Principles of Hiring Good Employees – Salaries

Employees are not a cost, they are an addition to your revenue stream. You hire people to do something productive that you need. You pay them because what they produce is more valuable to you than the salary you give them. Therefore, they add to the value of your company.

The work product that a person produces should have a value to you, that is what the person should be paid for producing it for you. Attempts to bargain down the price based on past salary or other factors will only lead to turnover in the future. If a person’s work product is worth X dollars, you should pay them X dollars regardless of previous salaries above or below X. If they are earning significantly more than X, you are putting them in a situation in which their full capabilities will not be employed, they will likely leave sooner for an opportunity which allows them a higher salary and full use of their capabilities.
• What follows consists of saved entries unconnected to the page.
lemma fine_adjoint_std_lattice_Basis_bounds:
  fixes P :: "'a::euclidean_space set"
  assumes "x \<in> fine_adjoint std_lattice P s" "b \<in> Basis"
  shows "supp_fun P b + s \<le> x \<bullet> b" "x \<bullet> b \<le> - supp_fun P (- b) - s"
proof -
  have "b \<in> std_lattice - {0}" "- b \<in> std_lattice - {0}"
    using assms(2) Basis_subset_std_lattice add_subgroup_minus[OF add_subgroup_std_lattice]
    by (auto simp: nonzero_Basis)
  then have "supp_fun P b + s \<le> b \<bullet> x" "supp_fun P (- b) + s \<le> (- b) \<bullet> x"
    using assms(1) unfolding fine_adjoint_std_lattice by blast+
  then show "supp_fun P b + s \<le> x \<bullet> b" "x \<bullet> b \<le> - supp_fun P (- b) - s"
    by (auto simp: inner_commute)
qed

lemma bdd_above_fine_adjoint_std_lattice_nonempty:
  fixes P :: "'a::euclidean_space set"
  shows "bdd_above {s. s > 0 \<and> fine_adjoint std_lattice P s \<noteq> {}}"
proof -
  obtain b :: 'a where b: "b \<in> Basis"
    using nonempty_Basis by blast
  show ?thesis
  proof (rule bdd_aboveI)
    fix s assume "s \<in> {s. s > 0 \<and> fine_adjoint std_lattice P s \<noteq> {}}"
    then obtain x where "x \<in> fine_adjoint std_lattice P s" by auto
    from fine_adjoint_std_lattice_Basis_bounds[OF this b]
    have "2 * s \<le> - (supp_fun P b + supp_fun P (- b))" by linarith
    then show "s \<le> - (supp_fun P b + supp_fun P (- b)) / 2" by simp
  qed
qed
text \<open>Each \<open>ds\<close>-orbit contains at most one element supported by \<open>ds\<close>.\<close>

lemma finite_supported_elements:
  assumes "is_action act" "equivariant act Y" "orbit_finite act Y"
  shows "finite {y\<in>Y. supports act ds y}"
proof -
  obtain Z where Z: "finite Z" "Z \<subseteq> Y" "Y = (\<Union>z\<in>Z. orbit_under (fix_aut ds) act z)"
    by (rule orbit_finite_fix_orbits[OF assms])
  have "{y\<in>Y. supports act ds y} \<subseteq> Z"
  proof
    fix y assume y: "y \<in> {y\<in>Y. supports act ds y}"
    then have "y \<in> (\<Union>z\<in>Z. orbit_under (fix_aut ds) act z)" using Z(3) by blast
    then obtain z \<sigma> where z: "z \<in> Z" "\<sigma> \<in> fix_aut ds" "y = act \<sigma> z"
      unfolding orbit_under_def by blast
    have "\<sigma> \<in> atom_aut" using z(2) fix_aut_subset by blast
    have "z = act (inv \<sigma>) (act \<sigma> z)"
      using act_inv_act[OF is_action_imp_comp_law[OF assms(1)] \<open>\<sigma> \<in> atom_aut\<close>] assms(1)
      by (simp add: is_action_def)
    also have "\<dots> = y"
      using y z(3) fix_aut_inv[OF z(2)] by (simp add: supports_def)
    finally show "y \<in> Z" using z(1) by simp
  qed
  then show ?thesis using Z(1) by (rule finite_subset)
qed

lemma fun_act_comp:
  assumes "is_action actX" "is_action actY" "equivariant actX X" "\<pi> \<in> atom_aut" "\<sigma> \<in> atom_aut"
  shows "fun_act actX actY X (\<pi> \<circ> \<sigma>) f = fun_act actX actY X \<pi> (fun_act actX actY X \<sigma> f)"
proof
  fix x
  have "inv (\<pi> \<circ> \<sigma>) = inv \<sigma> \<circ> inv \<pi>"
    using assms(4,5) by (simp add: atom_aut_def o_inv_distrib)
  moreover have "x \<in> X \<Longrightarrow> actX (inv \<pi>) x \<in> X"
    using assms(3,4) atom_aut_inv unfolding equivariant_def by blast
  ultimately show "fun_act actX actY X (\<pi> \<circ> \<sigma>) f x = fun_act actX actY X \<pi> (fun_act actX actY X \<sigma> f) x"
    using assms(1,2,4,5) atom_aut_inv by (simp add: fun_act_def is_action_def)
qed

lemma comp_law_fun_act:
  "is_action actX \<Longrightarrow> is_action actY \<Longrightarrow> equivariant actX X \<Longrightarrow> comp_law (fun_act actX actY X)"
  unfolding comp_law_def by (blast intro: fun_act_comp)

lemma fun_act_id:
  "is_action actX \<Longrightarrow> is_action actY \<Longrightarrow> f \<in> extensional X \<Longrightarrow> fun_act actX actY X id f = f"
  by (auto simp: fun_act_def is_action_def extensional_def)

lemma supports_apply:
  assumes "is_action actX" "equivariant actX X" "x \<in> X"
    and "supports (fun_act actX actY X) cs g" "supports actX bs x"
  shows "supports actY (cs @ bs) (g x)"
  unfolding supports_def
proof
  fix \<sigma> assume \<sigma>: "\<sigma> \<in> fix_aut (cs @ bs)"
  then have "\<sigma> \<in> fix_aut cs" "\<sigma> \<in> fix_aut bs" "\<sigma> \<in> atom_aut"
    by (auto simp: fix_aut_def)
  then have "fun_act actX actY X \<sigma> g = g" "actX \<sigma> x = x" "actX (inv \<sigma>) x = x"
    using assms(4,5) fix_aut_inv by (auto simp: supports_def)
  then have "g x = fun_act actX actY X \<sigma> g x" by simp
  also have "\<dots> = actY \<sigma> (g x)"
    using assms(3) \<open>actX (inv \<sigma>) x = x\<close> by (simp add: fun_act_def)
  finally show "actY \<sigma> (g x) = g x" ..
qed

lemma fun_act_fixed_apply:
  assumes "is_action actX" "equivariant actX X" "x \<in> X" "\<sigma> \<in> atom_aut"
    and "fun_act actX actY X \<sigma> g = g"
  shows "g (actX \<sigma> x) = actY \<sigma> (g x)"
proof -
  have "actX \<sigma> x \<in> X" using assms(2-4) by (auto simp: equivariant_def)
  have "g (actX \<sigma> x) = fun_act actX actY X \<sigma> g (actX \<sigma> x)"
    using assms(5) by simp
  also have "\<dots> = actY \<sigma> (g (actX (inv \<sigma>) (actX \<sigma> x)))"
    using \<open>actX \<sigma> x \<in> X\<close> by (simp add: fun_act_def)
  also have "actX (inv \<sigma>) (actX \<sigma> x) = x"
    using act_inv_act[OF is_action_imp_comp_law[OF assms(1)] assms(4)] assms(1)
    by (simp add: is_action_def)
  finally show ?thesis .
qed
lemma psd_on_norm_sq_le:
  assumes psd: "psd_on C A" and C: "finite C" "i \<in> C" "j \<in> C"
  shows "(norm (A $$ (i, j)))\<^sup>2 \<le> Re (A $$ (i, i)) * Re (A $$ (j, j))"
proof -
  have herm: "hermitian_on C A" using psd unfolding psd_on_def by blast
  obtain ai aj where ai: "A $$ (i, i) = of_real ai" and aj: "A $$ (j, j) = of_real aj"
    using hermitian_on_diag_real[OF herm] C by metis
  show ?thesis
  proof (cases "i = j")
    case True
    then show ?thesis using ai by (simp add: power2_eq_square)
  next
    case False
    have conj: "A $$ (j, i) = cnj (A $$ (i, j))" using herm C unfolding hermitian_on_def by blast
    have "(norm (A $$ (i, j)))\<^sup>2 \<le> ai * aj"
    proof (rule psd_2x2_norm_sq_le)
      fix x y :: complex
      let ?z = "\<lambda>l. if l = i then x else if l = j then y else 0"
      have "0 \<le> Re (qform C A ?z)" using psd unfolding psd_on_def by blast
      then show "0 \<le> Re (cnj x * ai * x + cnj x * A $$ (i, j) * y + cnj y * cnj (A $$ (i, j)) * x + cnj y * aj * y)"
        using False by (simp add: qform_pair[OF C False] conj ai aj)
    qed
    then show ?thesis using ai aj by simp
  qed
qed

lemma psd_on_limit:
  assumes "\<And>k. psd_on C (X k)" and "\<And>i j. i \<in> C \<Longrightarrow> j \<in> C \<Longrightarrow> (\<lambda>k. X k $$ (i, j)) \<longlonglongrightarrow> M $$ (i, j)"
  shows "psd_on C M"
  unfolding psd_on_def hermitian_on_def
proof (intro conjI allI ballI)
  fix i j assume "i \<in> C" "j \<in> C"
  then have "X k $$ (j, i) = cnj (X k $$ (i, j))" for k
    using assms(1) unfolding psd_on_def hermitian_on_def by blast
  then have "(\<lambda>k. X k $$ (j, i)) \<longlonglongrightarrow> cnj (M $$ (i, j))"
    using assms(2) \<open>i \<in> C\<close> \<open>j \<in> C\<close> by (simp add: tendsto_cnj)
  then show "M $$ (j, i) = cnj (M $$ (i, j))" using assms(2) \<open>i \<in> C\<close> \<open>j \<in> C\<close> LIMSEQ_unique by blast
next
  fix x :: "nat \<Rightarrow> complex"
  have "(\<lambda>k. Re (qform C (X k) x)) \<longlonglongrightarrow> Re (qform C M x)"
    unfolding qform_def using assms(2) by (intro tendsto_intros) auto
  then show "0 \<le> Re (qform C M x)" using assms(1) unfolding psd_on_def by (meson LIMSEQ_le_const)
qed

lemma pd_on_unit_sphere_bounded_below:
  assumes fin: "finite C" and pd: "pd_on C A"
  obtains e where "0 < e" "\<And>y. (\<Sum>i\<in>C. (norm (y i))\<^sup>2) = 1 \<Longrightarrow> e \<le> Re (qform C A y)"
proof (rule ccontr)
  assume "\<not> thesis"
  with that have "\<exists>y. (\<Sum>i\<in>C. (norm (y i))\<^sup>2) = 1 \<and> Re (qform C A y) < inverse (real (Suc k))" for k
    by (meson inverse_positive_iff_positive not_le of_nat_0_less_iff zero_less_Suc)
  then obtain Y where Y: "\<And>k. (\<Sum>i\<in>C. (norm (Y k i))\<^sup>2) = 1"
    and small: "\<And>k. Re (qform C A (Y k)) < inverse (real (Suc k))" by metis
  have "norm (Y k i) \<le> 1" if "i \<in> C" for k i
    using member_le_sum[of i C "\<lambda>i. (norm (Y k i))\<^sup>2"] fin that Y[of k] by (simp add: power_le_one_iff)
  then have "bounded (range (\<lambda>k. Y k i))" if "i \<in> C" for i
    using that unfolding bounded_iff by blast
  then obtain y r where r: "strict_mono r" and lim: "\<And>i. i \<in> C \<Longrightarrow> (\<lambda>k. Y (r k) i) \<longlonglongrightarrow> y i"
    using bounded_coordinates_convergent_subseq[OF fin] by metis
  have "(\<lambda>k. \<Sum>i\<in>C. (norm (Y (r k) i))\<^sup>2) \<longlonglongrightarrow> (\<Sum>i\<in>C. (norm (y i))\<^sup>2)"
    using lim by (intro tendsto_intros)
  then have "(\<Sum>i\<in>C. (norm (y i))\<^sup>2) = 1" using Y by (simp add: LIMSEQ_const_iff)
  then have "\<exists>i\<in>C. y i \<noteq> 0" by (metis (no_types, lifting) norm_zero sum.neutral zero_neq_one zero_power2)
  then have "0 < Re (qform C A y)" using pd unfolding pd_on_def by blast
  moreover have "(\<lambda>k. Re (qform C A (Y (r k)))) \<longlonglongrightarrow> Re (qform C A y)"
    unfolding qform_def using lim by (intro tendsto_intros)
  moreover have "(\<lambda>k. inverse (real (Suc (r k)))) \<longlonglongrightarrow> 0"
    using LIMSEQ_subseq_LIMSEQ[OF LIMSEQ_inverse_real_of_nat r] by (simp add: comp_def)
  ultimately show False
    using LIMSEQ_le[of _ "Re (qform C A y)" _ 0] small less_imp_le by (metis not_le)
qed
(* Let $H$ and $H'$ be Hessenberg spaces of $n\times n$ matrices, each minimal in its $E_{1n}$-equivalence class. Then $X_H\subseteq X_{H'}$ if and only if $H\subseteq H'$.
   Context: $B$ is the group of invertible upper-triangular $n\times n$ complex matrices; $[g]$ denotes the flag whose $k$-dimensional subspace is spanned by the first $k$ columns of $g$. $E_{kl}$ is the matrix unit with $1$ in entry $(k,l)$. A Hessenberg space is a subspace of the form $H_h=\operatorname{span}\{E_{kl}: k\le h(l)\}$ for a nondecreasing function $h:\{1,\dots,n\}\to\{0,1,\dots,n\}$. For a Hessenberg space $K$, $X_K=\{[g]\in GL_n(\mathbb{C})/B: g^{-1}E_{1n}g\in K\}$. Two Hessenberg spaces $K,K'$ are $E_{1n}$-equivalent if $X_K=X_{K'}$; $K$ is minimal in its $E_{1n}$-equivalence class if no Hessenberg space properly contained in $K$ is $E_{1n}$-equivalent to $K$. *)

theory Defs
  imports "Jordan_Normal_Form.Matrix"
begin

text \<open>Conventions: n x n complex matrices are JNF matrices in carrier_mat n n,
 with 0-based indices. Row/column index i (0-based) corresponds to i+1 (1-based).\<close>

definition E1n :: "nat \<Rightarrow> complex mat" where
  "E1n n = mat n n (\<lambda>(i,j). if i = 0 \<and> j = n - 1 then 1 else 0)"

text \<open>Hessenberg space H_h = span of E_{kl} with k <= h(l) (1-based);
 0-based: column l, row k allowed iff k < h l.\<close>
definition hess_space :: "nat \<Rightarrow> (nat \<Rightarrow> nat) \<Rightarrow> complex mat set" where
  "hess_space n h = {A \<in> carrier_mat n n. \<forall>k<n. \<forall>l<n. \<not> k < h l \<longrightarrow> A $$ (k,l) = 0}"

definition is_hessenberg_space :: "nat \<Rightarrow> complex mat set \<Rightarrow> bool" where
  "is_hessenberg_space n K \<longleftrightarrow>
     (\<exists>h. (\<forall>l<n. h l \<le> n) \<and> (\<forall>l1 l2. l1 \<le> l2 \<longrightarrow> l2 < n \<longrightarrow> h l1 \<le> h l2)
          \<and> K = hess_space n h)"

definition flag_of :: "nat \<Rightarrow> complex mat \<Rightarrow> nat \<Rightarrow> complex vec set" where
  "flag_of n g k = {g *\<^sub>v x | x. x \<in> carrier_vec n \<and> (\<forall>i<n. k \<le> i \<longrightarrow> x $ i = 0)}"

definition is_inverse_mat :: "nat \<Rightarrow> complex mat \<Rightarrow> complex mat \<Rightarrow> bool" where
  "is_inverse_mat n g ginv \<longleftrightarrow> g \<in> carrier_mat n n \<and> ginv \<in> carrier_mat n n \<and>
     g * ginv = 1\<^sub>m n \<and> ginv * g = 1\<^sub>m n"

definition X_hess :: "nat \<Rightarrow> complex mat set \<Rightarrow> (nat \<Rightarrow> complex vec set) set" where
  "X_hess n K = {flag_of n g | g. \<exists>ginv. is_inverse_mat n g ginv \<and> ginv * E1n n * g \<in> K}"

definition E1n_equivalent :: "nat \<Rightarrow> complex mat set \<Rightarrow> complex mat set \<Rightarrow> bool" where
  "E1n_equivalent n K K' \<longleftrightarrow> X_hess n K = X_hess n K'"

definition minimal_in_class :: "nat \<Rightarrow> complex mat set \<Rightarrow> bool" where
  "minimal_in_class n K \<longleftrightarrow> is_hessenberg_space n K \<and>
     \<not> (\<exists>K'. is_hessenberg_space n K' \<and> K' \<subset> K \<and> E1n_equivalent n K' K)"

end

theory Submission
  imports Defs "Jordan_Normal_Form.Determinant" "HOL-Combinatorics.Permutations"
begin

text \<open>
  For invertible \<open>g\<close>, the matrix \<open>g\<^sup>-\<^sup>1 E\<^sub>1\<^sub>n g = u w\<^sup>T\<close> has rank one, where \<open>u\<close> is the
  first column of \<open>g\<^sup>-\<^sup>1\<close> and \<open>w\<close> the last row of \<open>g\<close>; moreover \<open>w\<^sup>T u = 0\<close> once \<open>n \<ge> 2\<close>.
  The last index \<open>a\<close> with \<open>u\<^sub>a \<noteq> 0\<close> and the first index \<open>b\<close> with \<open>w\<^sub>b \<noteq> 0\<close> depend
  only on the flag \<open>[g]\<close> (they record where \<open>e\<^sub>1\<close> enters the flag and where the last
  coordinate stops vanishing on it), and the \<open>(a, b)\<close> entry of \<open>g\<^sup>-\<^sup>1 E\<^sub>1\<^sub>n g\<close> is nonzero.
  Conjugating by a permutation matrix yields the matrix unit \<open>E\<^sub>a\<^sub>b\<close> for any \<open>a \<noteq> b\<close>, so
  \<open>X\<^sub>H \<subseteq> X\<^bsub>H'\<^esub>\<close> forces every off-diagonal \<open>E\<^sub>a\<^sub>b \<in> H\<close> into \<open>H'\<close>.
  A diagonal \<open>E\<^sub>b\<^sub>b\<close> at the bottom of column \<open>b\<close> of \<open>H\<close> is handled by minimality: if
  column \<open>b - 1\<close> of \<open>H\<close> stopped above row \<open>b\<close>, then \<open>w\<^sup>T u = u\<^sub>b w\<^sub>b\<close> would make the
  \<open>(b, b)\<close> entry of every conjugate in \<open>H\<close> vanish, and \<open>E\<^sub>b\<^sub>b\<close> could be removed from \<open>H\<close>
  without changing \<open>X\<^sub>H\<close>. Hence column \<open>b - 1\<close> reaches row \<open>b\<close>, and this off-diagonal
  entry carries over to \<open>H'\<close>, whose columns are nested.
\<close>

lemma E1n_conj_entry:
  assumes "gi \<in> carrier_mat n n" "g \<in> carrier_mat n n" "k < n" "l < n"
  shows "(gi * E1n n * g) $$ (k, l) = gi $$ (k, 0) * g $$ (n - 1, l)"
proof -
  define C where "C = mat n n (\<lambda>(i, j). if j = n - 1 then gi $$ (i, 0) else 0)"
  have "gi * E1n n = C"
  proof (rule eq_matI)
    show "(gi * E1n n) $$ (i, j) = C $$ (i, j)" if "i < dim_row C" "j < dim_col C" for i j
      using that assms by (simp add: C_def E1n_def scalar_prod_def if_distrib sum.delta cong: if_cong)
  qed (use assms in \<open>simp_all add: C_def E1n_def\<close>)
  then show ?thesis
    using assms by (simp add: C_def scalar_prod_def if_distrib if_distribR sum.delta' cong: if_cong)
qed
lemma decomps_chain:
  "decomps (chain s n Leaf) = (\<lambda>k. (chain s k Leaf, [chain s (n - k) Leaf])) ` {..n}"
proof
  show "(\<lambda>k. (chain s k Leaf, [chain s (n - k) Leaf])) ` {..n} \<subseteq> decomps (chain s n Leaf)"
    by (auto simp: decomps_def comp_def graft_chain leaves_chain chain_chain)
next
  have "\<exists>k\<le>n. t' = chain s k Leaf \<and> us = [chain s (n - k) Leaf]"
    if "(t', us) \<in> decomps (chain s n Leaf)" for t' us
    using that
  proof (induction n arbitrary: t' us)
    case 0
    then show ?case
      by (cases t') (auto simp: decomps_Leaf_left dest: decomps_Node_root)
  next
    case (Suc m)
    show ?case
    proof (cases t')
      case Leaf
      with Suc.prems show ?thesis
        by (auto simp: decomps_Leaf_left intro!: exI[of _ 0])
    next
      case (Node r cs)
      with Suc.prems have "r = s" and g: "fst (graftl cs us) = [chain s m Leaf]"
        and "length us = leaves t'"
        by (auto simp: decomps_def comp_Node)
      moreover obtain c where c: "cs = [c]"
        using g length_graftl[of cs us] by (cases cs) auto
      ultimately have "(c, us) \<in> decomps (chain s m Leaf)"
        using Node by (auto simp: decomps_def comp_def split: prod.splits)
      then obtain k where "k \<le> m" "c = chain s k Leaf" "us = [chain s (m - k) Leaf]"
        using Suc.IH by blast
      with Node c \<open>r = s\<close> show ?thesis by (auto intro!: exI[of _ "Suc k"])
    qed
  qed
  then show "decomps (chain s n Leaf) \<subseteq> (\<lambda>k. (chain s k Leaf, [chain s (n - k) Leaf])) ` {..n}"
    by auto
qed

lemma decomps_constant: "decomps (Node s []) = {(Leaf, [Node s []]), (Node s [], [])}"
proof -
  have "t' = Node s [] \<and> us = []"
    if "(t', us) \<in> decomps (Node s [])" "t' \<noteq> Leaf" for t' us
  proof -
    obtain r cs where t': "t' = Node r cs" using \<open>t' \<noteq> Leaf\<close> by (cases t') auto
    with that(1) have "r = s" "fst (graftl cs us) = []" "length us = leaves t'"
      by (auto simp: decomps_def comp_Node)
    with t' show ?thesis using length_graftl[of cs us] by simp
  qed
  moreover have "(Node s [], []) \<in> decomps (Node s [])"
    by (simp add: decomps_def comp_Node)
  ultimately have "(t', us) \<in> decomps (Node s []) \<longleftrightarrow>
      (t', us) = (Leaf, [Node s []]) \<or> (t', us) = (Node s [], [])" for t' us
    by (cases "t' = Leaf") (auto simp: decomps_Leaf_left)
  then show ?thesis by auto
qed
(* Let $X=\Delta[2]/\partial\Delta[2]$. Then $DSd\,X\cong\Delta[1]$.
   Context: $Sd$ is the Kan (normal) subdivision functor on simplicial sets: the left Kan extension along the Yoneda embedding of $[n]\mapsto N(\text{poset of non-empty subsets of }[n])$; it commutes with colimits and preserves degreewise injective maps. $\Delta[2]/\partial\Delta[2]$ is the pushout of $\Delta[0]\leftarrow\partial\Delta[2]\to\Delta[2]$. A simplicial set is non-singular if every non-degenerate simplex has degreewise injective representing map. The desingularization $DY$ is the image of $Y\to\prod_f Z$, $y\mapsto(f(y))_f$, over all quotient maps $f:Y\to Z$ (maps $Y\to Y/R$ for operator-compatible families of equivalence relations) with $Z$ non-singular. *)

theory Defs
  imports Main
begin

text \<open>A simplicial set is given by its sets of n-simplices sobj X n and, for every
monotone map alpha : [m] -> [n], the simplicial operator smap X n m alpha : X_n -> X_m.
Monotone maps [m] -> [n] are represented extensionally as functions nat => nat
that are 0 outside {0..m}.\<close>

record 'a sset =
  sobj :: "nat \<Rightarrow> 'a set"
  smap :: "nat \<Rightarrow> nat \<Rightarrow> (nat \<Rightarrow> nat) \<Rightarrow> 'a \<Rightarrow> 'a"

definition opmap :: "nat \<Rightarrow> nat \<Rightarrow> (nat \<Rightarrow> nat) set" where
  "opmap m n = {\<alpha>. (\<forall>i\<le>m. \<alpha> i \<le> n) \<and> (\<forall>i j. i \<le> j \<longrightarrow> j \<le> m \<longrightarrow> \<alpha> i \<le> \<alpha> j)
                   \<and> (\<forall>i>m. \<alpha> i = 0)}"

definition idop :: "nat \<Rightarrow> nat \<Rightarrow> nat" where
  "idop n = (\<lambda>i. if i \<le> n then i else 0)"

definition ocomp :: "nat \<Rightarrow> (nat \<Rightarrow> nat) \<Rightarrow> (nat \<Rightarrow> nat) \<Rightarrow> nat \<Rightarrow> nat" where
  "ocomp k \<alpha> \<beta> = (\<lambda>i. if i \<le> k then \<alpha> (\<beta> i) else 0)"

definition is_sset :: "'a sset \<Rightarrow> bool" where
  "is_sset X \<longleftrightarrow>
     (\<forall>n m \<alpha> x. \<alpha> \<in> opmap m n \<longrightarrow> x \<in> sobj X n \<longrightarrow> smap X n m \<alpha> x \<in> sobj X m)
   \<and> (\<forall>n x. x \<in> sobj X n \<longrightarrow> smap X n n (idop n) x = x)
   \<and> (\<forall>n m k \<alpha> \<beta> x. \<alpha> \<in> opmap m n \<longrightarrow> \<beta> \<in> opmap k m \<longrightarrow> x \<in> sobj X n \<longrightarrow>
        smap X m k \<beta> (smap X n m \<alpha> x) = smap X n k (ocomp k \<alpha> \<beta>) x)"

definition sset_iso :: "'a sset \<Rightarrow> 'b sset \<Rightarrow> (nat \<Rightarrow> 'a \<Rightarrow> 'b) \<Rightarrow> bool" where
  "sset_iso X Y f \<longleftrightarrow>
     (\<forall>n. bij_betw (f n) (sobj X n) (sobj Y n))
   \<and> (\<forall>n m \<alpha> x. \<alpha> \<in> opmap m n \<longrightarrow> x \<in> sobj X n \<longrightarrow>
        f m (smap X n m \<alpha> x) = smap Y n m \<alpha> (f n x))"

definition Delta :: "nat \<Rightarrow> (nat \<Rightarrow> nat) sset" where
  "Delta n = \<lparr> sobj = (\<lambda>k. opmap k n), smap = (\<lambda>k m \<alpha> f. ocomp m f \<alpha>) \<rparr>"

definition bdry :: "nat \<Rightarrow> nat \<Rightarrow> (nat \<Rightarrow> nat) set" where
  "bdry n k = {f \<in> opmap k n. f ` {0..k} \<noteq> {0..n}}"

text \<open>Pushout of Delta[0] <- A -> X for a simplicial subset A of X (written X/A):
the simplices of X not in A, plus one extra simplex None in each degree (from Delta[0]).\<close>
definition collapse :: "'a sset \<Rightarrow> (nat \<Rightarrow> 'a set) \<Rightarrow> 'a option sset" where
  "collapse X A = \<lparr> sobj = (\<lambda>n. Some ` (sobj X n - A n) \<union> {None}),
     smap = (\<lambda>n m \<alpha> u. case u of None \<Rightarrow> None
               | Some x \<Rightarrow> (let y = smap X n m \<alpha> x in if y \<in> A m then None else Some y)) \<rparr>"

text \<open>k-simplices of the nerve of the poset of non-empty subsets of [n]:
chains c 0 <= ... <= c k of non-empty subsets of {0..n}.\<close>
definition chains :: "nat \<Rightarrow> nat \<Rightarrow> (nat \<Rightarrow> nat set) set" where
  "chains n k = {c. (\<forall>i\<le>k. c i \<noteq> {} \<and> c i \<subseteq> {0..n}) \<and> (\<forall>i j. i \<le> j \<longrightarrow> j \<le> k \<longrightarrow> c i \<subseteq> c j)
                   \<and> (\<forall>i>k. c i = {})}"

definition cpush :: "(nat \<Rightarrow> nat) \<Rightarrow> nat \<Rightarrow> (nat \<Rightarrow> nat set) \<Rightarrow> nat \<Rightarrow> nat set" where
  "cpush \<alpha> k c = (\<lambda>i. if i \<le> k then \<alpha> ` c i else {})"

definition creindex :: "nat \<Rightarrow> (nat \<Rightarrow> nat) \<Rightarrow> (nat \<Rightarrow> nat set) \<Rightarrow> nat \<Rightarrow> nat set" where
  "creindex k' \<beta> c = (\<lambda>i. if i \<le> k' then c (\<beta> i) else {})"

text \<open>Sd X = colimit over the simplex category of X of Sd Delta[n] (the left Kan extension
along Yoneda), computed by the usual coend formula: k-simplices are triples (n, x, c) with
x an n-simplex of X and c a k-chain in [n], modulo the equivalence relation generated by
(n', x, alpha_* c) ~ (n, alpha^* x, c).\<close>
definition sd_dom :: "'a sset \<Rightarrow> nat \<Rightarrow> (nat \<times> 'a \<times> (nat \<Rightarrow> nat set)) set" where
  "sd_dom X k = {(n, x, c). x \<in> sobj X n \<and> c \<in> chains n k}"

definition sd_gen :: "'a sset \<Rightarrow> nat \<Rightarrow> ((nat \<times> 'a \<times> (nat \<Rightarrow> nat set)) \<times> (nat \<times> 'a \<times> (nat \<Rightarrow> nat set))) set" where
  "sd_gen X k = {((n', x, cpush \<alpha> k c), (n, smap X n' n \<alpha> x, c)) | n n' \<alpha> x c.
                   \<alpha> \<in> opmap n n' \<and> x \<in> sobj X n' \<and> c \<in> chains n k}"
If their previous salary is below X, they were likely undervalued and under utilized in their previous position, and if you bring them on at the same rate or with only a small raise, they will be likely to leave for a position paying closer to X once they realize their full value on the market. You are not the only employer looking for such product, other employers will bid up the price of labor to market levels. If you perpetually try to pay below market levels, you will have perpetual turnover issues, you will have trouble retaining the people you deem to be good hires, and you will have sub standard employees. Pay your employees what they are worth, treat them well, and you will retain them.

People who say salary is not a motivator, or even that it doesn’t matter, are flat out idiots, and often consultants who essentially get paid to tell corporate executives what they want to hear as opposed to the truth. No other form of compensation matters anywhere near as much, because no other form of compensation can be used to pay bills. If someone told you you can buy a Bentley for any price because there were all kinds of other reasons why you should own one, and all these other forms of payment the dealer would accept, you’d be an idiot to believe them. If you then went from dealership to dealership listing all these reasons why you should own a Continental GT, but only offering the price of a Honda Accord, you’d be laughed out of the dealership, and rightly so.